lemma half_space_incomparable_trans:
  assumes hs: "half_space A \<alpha>"
    and xy: "(x, y) \<in> incomparable A \<alpha>" and yz: "(y, z) \<in> incomparable A \<alpha>" and "x \<noteq> z"
  shows "(x, z) \<in> incomparable A \<alpha>"
proof -
  have "(x, z) \<notin> \<alpha>"
    using half_space_incomparable_pred[OF hs incomparable_sym[OF yz]] xy \<open>x \<noteq> z\<close>
    unfolding incomparable_def by blast
  moreover have "(z, x) \<notin> \<alpha>"
    using half_space_incomparable_succ[OF hs incomparable_sym[OF yz]] xy \<open>x \<noteq> z\<close>
    unfolding incomparable_def by blast
  ultimately show ?thesis
    using xy yz unfolding incomparable_def by blast
qed

definition total_extension :: "'a set \<Rightarrow> 'a rel \<Rightarrow> 'a rel \<Rightarrow> 'a rel" where
  "total_extension A \<alpha> V = \<alpha> \<union> (incomparable A \<alpha> \<inter> V)"

lemma trans_total_extension:
  assumes hs: "half_space A \<alpha>" and "trans V"
  shows "trans (total_extension A \<alpha> V)"
proof (rule transI)
  fix x y z
  let ?R = "incomparable A \<alpha> \<inter> V"
  assume xy: "(x, y) \<in> total_extension A \<alpha> V" and yz: "(y, z) \<in> total_extension A \<alpha> V"
  have pre: "preorder_on A \<alpha>"
    using hs by (rule half_space_preorder_on)
  consider "(x, y) \<in> \<alpha>" "(y, z) \<in> \<alpha>" | "(x, y) \<in> \<alpha>" "(y, z) \<in> ?R"
    | "(x, y) \<in> ?R" "(y, z) \<in> \<alpha>" | "(x, y) \<in> ?R" "(y, z) \<in> ?R"
    using xy yz unfolding total_extension_def by blast
  then have "(x, z) \<in> \<alpha> \<or> (x, z) \<in> ?R"
  proof cases
    case 1
    then show ?thesis
      using pre unfolding preorder_on_def trans_def by blast
  next
    case 2
    then show ?thesis
      using half_space_incomparable_pred[OF hs] by (cases "x = y") auto
  next
    case 3
    then show ?thesis
      using half_space_incomparable_succ[OF hs incomparable_sym] by (cases "y = z") auto
  next
    case 4
    then show ?thesis
      using half_space_incomparable_trans[OF hs] pre \<open>trans V\<close>
      unfolding incomparable_def preorder_on_def refl_on_def trans_def
      by (cases "x = z") blast+
  qed
  then show "(x, z) \<in> total_extension A \<alpha> V"
    unfolding total_extension_def by blast
qed

lemma preorder_on_total_extension:
  assumes "half_space A \<alpha>" and "trans V"
  shows "preorder_on A (total_extension A \<alpha> V)"
  using half_space_preorder_on[OF assms(1)] trans_total_extension[OF assms]
  unfolding preorder_on_def total_extension_def incomparable_def refl_on_def by blast

lemma total_on_total_extension: "total_on A V \<Longrightarrow> total_on A (total_extension A \<alpha> V)"
  unfolding total_on_def total_extension_def incomparable_def by blast

lemma qkernel_total_extension:
  assumes "refl_on A \<alpha>" and "antisym V"
  shows "qkernel (total_extension A \<alpha> V) = qkernel \<alpha>"
  using assms unfolding qkernel_def total_extension_def incomparable_def refl_on_def antisym_def
  by blast

lemma total_extension_Int_converse:
  assumes "refl_on A \<alpha>" and "antisym V"
  shows "total_extension A \<alpha> V \<inter> total_extension A \<alpha> (V\<inverse>) = \<alpha>"
  using assms unfolding total_extension_def incomparable_def refl_on_def antisym_def by blast

lemma half_space_total_extension:
  assumes hs: "half_space A \<alpha>" and V: "linear_order_on A V"
  shows "preorder_on A (total_extension A \<alpha> V)" "total_on A (total_extension A \<alpha> V)"
    and "qkernel (total_extension A \<alpha> V) = qkernel \<alpha>"
proof -
  from V have "trans V" "total_on A V" "antisym V"
    unfolding order_on_defs by blast+
  then show "preorder_on A (total_extension A \<alpha> V)" "total_on A (total_extension A \<alpha> V)"
    "qkernel (total_extension A \<alpha> V) = qkernel \<alpha>"
    using preorder_on_total_extension[OF hs] total_on_total_extension
      qkernel_total_extension half_space_preorder_on[OF hs]
    unfolding preorder_on_def by blast+
qed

= = = =

▶ About this task
Every line of the entries that includes "rule" must be copied into the answer.

▶ Output below
proof (rule transI)
    using hs by (rule half_space_preorder_on)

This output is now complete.